Saved entries:
##############################

text \<open>The pointwise identity behind \<open>dV/dt = - dissipation\<close>; the terms in \<open>\<lambda>\<close> cancel because
  \<open>B\<^sub>G \<Gamma> sin \<eta>\<^sup>* = -\<lambda> Q\<^sup>-\<^sup>1 \<one>\<close> and \<open>\<one>\<^sup>T L\<^sub>C = 0\<close>.\<close>
lemma lyapunov_derivative_identity:
  assumes We: "diag_mat mm *v W = - (diag_mat a *v w) - rows_G B *v flow eta + diag_mat q_inv *v x"
    and inv: "rows_L B *v flow eta = rows_L B *v flow etabar"
    and zw: "(\<chi> i. z$Inl i) = w"
  shows "w \<bullet> (diag_mat mm *v W) + (flow eta - flow etabar) \<bullet> (transpose B *v z)
         + (x - xi_eq) \<bullet> (- (LC *v x) - diag_mat q_inv *v w) = - dissipation w x"
proof -
  have 1: "(flow eta - flow etabar) \<bullet> (transpose B *v z)
           = (rows_G B *v flow eta) \<bullet> w - (rows_G B *v flow etabar) \<bullet> w"
  proof -
    have "(flow eta - flow etabar) \<bullet> (transpose B *v z) = (B *v (flow eta - flow etabar)) \<bullet> z"
      by (simp add: inner_matrix_vector_mult)
    also have "\<dots> = (rows_G B *v (flow eta - flow etabar)) \<bullet> w
                     + (rows_L B *v (flow eta - flow etabar)) \<bullet> (\<chi> j. z $ Inr j)"
      by (simp add: inner_mult_vec_rows zw)
    finally show ?thesis using inv by (simp add: matrix_vector_mult_diff_distrib inner_diff_left)
  qed
  have 2: "(rows_G B *v flow etabar) \<bullet> w = - lam * (q_inv \<bullet> w)"
    by (simp add: rows_G_flow_etabar inner_vec_def sum_distrib_left algebra_simps)
  have 3: "xi_eq \<bullet> (LC *v x) = 0"
  proof -
    have "xi_eq \<bullet> (LC *v x) = - lam * (\<Sum>i\<in>UNIV. (LC *v x)$i)"
      by (simp add: xi_eq_eq inner_vec_def sum_distrib_left)
    thus ?thesis using LC_sum by simp
  qed
  have 4: "xi_eq \<bullet> (diag_mat q_inv *v w) = - lam * (q_inv \<bullet> w)"
    by (simp add: xi_eq_eq inner_vec_def diag_mat_mult_vec sum_distrib_left)
  have 5: "w \<bullet> (diag_mat a *v w) = (\<Sum>i\<in>UNIV. a$i * (w$i)^2)"
    by (simp add: diag_mat_mult_vec inner_vec_def power2_eq_square algebra_simps)
  have "w \<bullet> (diag_mat mm *v W) = - (w \<bullet> (diag_mat a *v w)) - w \<bullet> (rows_G B *v flow eta)
          + w \<bullet> (diag_mat q_inv *v x)"
    by (simp add: We inner_diff_right inner_add_right)
  moreover have "w \<bullet> (diag_mat q_inv *v x) = x \<bullet> (diag_mat q_inv *v w)"
    by (rule inner_diag_mat_commute)
  moreover have "(x - xi_eq) \<bullet> (- (LC *v x) - diag_mat q_inv *v w) =
       - (x \<bullet> (LC *v x)) + xi_eq \<bullet> (LC *v x) - x \<bullet> (diag_mat q_inv *v w)
       + xi_eq \<bullet> (diag_mat q_inv *v w)"
    by (simp add: inner_diff_right inner_diff_left inner_minus_right)
  moreover have "w \<bullet> (rows_G B *v flow eta) = (rows_G B *v flow eta) \<bullet> w" by (rule inner_commute)
  ultimately show ?thesis using 1 2 3 4 5 unfolding dissipation_def by linarith
qed
(* Let $d\ge1$. Let $G_A=(V_A,E_A)$ with configuration $\mathbf{p}^A$ and $G_B=(V_B,E_B)$ with configuration $\mathbf{p}^B$ be frameworks in general position in $\mathbb{R}^d$, with $V_C=V_A\cap V_B$ a proper subset of both $V_A$ and $V_B$, $|V_C|\ge d+1$, and $\mathbf{p}^A_i=\mathbf{p}^B_i$ for $i\in V_C$. Let $\Omega_A$, $\Omega_B$ be positive semidefinite stress matrices of nullity $d+1$ of $G_A(\mathbf{p}^A)$, $G_B(\mathbf{p}^B)$, and assume moreover that $G_A(\mathbf{p}^A)$ is infinitesimally rigid. Let $F=\{\{i_k,j_k\}:k=1,\dots,K\}$ be the set of edges of $E_B\setminus E_A$ with both endpoints in $V_C$. Then there is a real symmetric $V_A\times V_A$ matrix $\Omega_{AK}$ which is a stress matrix of the framework with graph $(V_A,E_A\cup F)$ and configuration $\mathbf{p}^A$ and satisfies $(\Omega_{AK})_{i_kj_k}=-(\Omega_B)_{i_kj_k}$ for $k=1,\dots,K$ (its entries are obtained from the rigidity matrix of $G_A(\mathbf{p}^A)$ and the entries of $\Omega_B$ by solving $K$ systems of linear equations); and for a large enough constant $c>0$, the matrix $$\widetilde\Omega_{re}=c\,\widetilde\Omega_A+\widetilde\Omega_{AK}+\widetilde\Omega_B$$ is a positive semidefinite stress matrix of nullity $d+1$ of the edge-reduced framework attachment, i.e. of the framework with graph $(V_A\cup V_B,(E_A\cup E_B)\setminus F)$ and configuration $\mathbf{p}$ where $\mathbf{p}_i=\mathbf{p}^A_i$ ($i\in V_A$), $\mathbf{p}_i=\mathbf{p}^B_i$ ($i\in V_B$). Here $\widetilde X$ denotes the extension by zeros of a matrix $X$ indexed by $V_A$ or $V_B$ to a matrix indexed by $V_A\cup V_B$.
   Context: A framework $G(\mathbf{p})$ in $\mathbb{R}^d$ is a finite graph $G=(V,E)$ with points $\mathbf{p}_i\in\mathbb{R}^d$; general position means any $d+1$ distinct vertices have affinely independent points. A stress matrix of $G(\mathbf{p})$ is a real $|V|\times|V|$ matrix $\Omega$ with: $\Omega_{ij}=\Omega_{ji}$; $\Omega_{ij}=0$ whenever $i\ne j$ and $\{i,j\}\notin E$; $\sum_j\Omega_{ij}=0$ and $\sum_j\Omega_{ij}\mathbf{p}_j=0$ for all $i$. Nullity means $\dim\ker$. The rigidity matrix $df$ of $G(\mathbf{p})$ is the $|E|\times |V|d$ matrix whose row for edge $\{i,j\}$ has $\mathbf{p}_i-\mathbf{p}_j$ in the $d$ columns of vertex $i$, $\mathbf{p}_j-\mathbf{p}_i$ in the columns of vertex $j$, and zeros elsewhere; $G(\mathbf{p})$ is infinitesimally rigid if $\operatorname{rank}(df)=|V|d-\binom{d+1}{2}$. *)

theory Defs
  imports "HOL-Analysis.Analysis" "HOL-Library.Function_Algebras"
begin

text \<open>Frameworks: a finite vertex set V of an arbitrary vertex type 'v, an edge set E of
  two-element subsets of V, and a configuration p :: 'v => 'a in a Euclidean space 'a
  (so d = DIM('a) >= 1).  Matrices indexed by V are functions 'v => 'v => real of which
  only the entries on V x V matter.\<close>

definition graph_on :: "'v set \<Rightarrow> 'v set set \<Rightarrow> bool" where
  "graph_on V E \<longleftrightarrow> finite V \<and> (\<forall>e\<in>E. e \<subseteq> V \<and> card e = 2)"

definition general_position :: "'v set \<Rightarrow> ('v \<Rightarrow> 'a::euclidean_space) \<Rightarrow> bool" where
  "general_position V p \<longleftrightarrow>
     (\<forall>S\<subseteq>V. card S = DIM('a) + 1 \<longrightarrow> inj_on p S \<and> \<not> affine_dependent (p ` S))"

definition stress_matrix ::
  "'v set \<Rightarrow> 'v set set \<Rightarrow> ('v \<Rightarrow> 'a::euclidean_space) \<Rightarrow> ('v \<Rightarrow> 'v \<Rightarrow> real) \<Rightarrow> bool" where
  "stress_matrix V E p \<Omega> \<longleftrightarrow>
     (\<forall>i\<in>V. \<forall>j\<in>V. \<Omega> i j = \<Omega> j i) \<and>
     (\<forall>i\<in>V. \<forall>j\<in>V. i \<noteq> j \<and> {i, j} \<notin> E \<longrightarrow> \<Omega> i j = 0) \<and>
     (\<forall>i\<in>V. (\<Sum>j\<in>V. \<Omega> i j) = 0) \<and>
     (\<forall>i\<in>V. (\<Sum>j\<in>V. \<Omega> i j *\<^sub>R p j) = 0)"

definition psd_on :: "'v set \<Rightarrow> ('v \<Rightarrow> 'v \<Rightarrow> real) \<Rightarrow> bool" where
  "psd_on V \<Omega> \<longleftrightarrow> (\<forall>x::'v \<Rightarrow> real. (\<Sum>i\<in>V. \<Sum>j\<in>V. x i * \<Omega> i j * x j) \<ge> 0)"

##############################

* [Your task] Take the entries above and copy them exactly from the first line through the line with "etabar)) \<bullet> w"; leave out every line after it.

* [Result for this task]
text \<open>The pointwise identity behind \<open>dV/dt = - dissipation\<close>; the terms in \<open>\<lambda>\<close> cancel because
  \<open>B\<^sub>G \<Gamma> sin \<eta>\<^sup>* = -\<lambda> Q\<^sup>-\<^sup>1 \<one>\<close> and \<open>\<one>\<^sup>T L\<^sub>C = 0\<close>.\<close>
lemma lyapunov_derivative_identity:
  assumes We: "diag_mat mm *v W = - (diag_mat a *v w) - rows_G B *v flow eta + diag_mat q_inv *v x"
    and inv: "rows_L B *v flow eta = rows_L B *v flow etabar"
    and zw: "(\<chi> i. z$Inl i) = w"
  shows "w \<bullet> (diag_mat mm *v W) + (flow eta - flow etabar) \<bullet> (transpose B *v z)
         + (x - xi_eq) \<bullet> (- (LC *v x) - diag_mat q_inv *v w) = - dissipation w x"
proof -
  have 1: "(flow eta - flow etabar) \<bullet> (transpose B *v z)
           = (rows_G B *v flow eta) \<bullet> w - (rows_G B *v flow etabar) \<bullet> w"
  proof -
    have "(flow eta - flow etabar) \<bullet> (transpose B *v z) = (B *v (flow eta - flow etabar)) \<bullet> z"
      by (simp add: inner_matrix_vector_mult)
    also have "\<dots> = (rows_G B *v (flow eta - flow etabar)) \<bullet> w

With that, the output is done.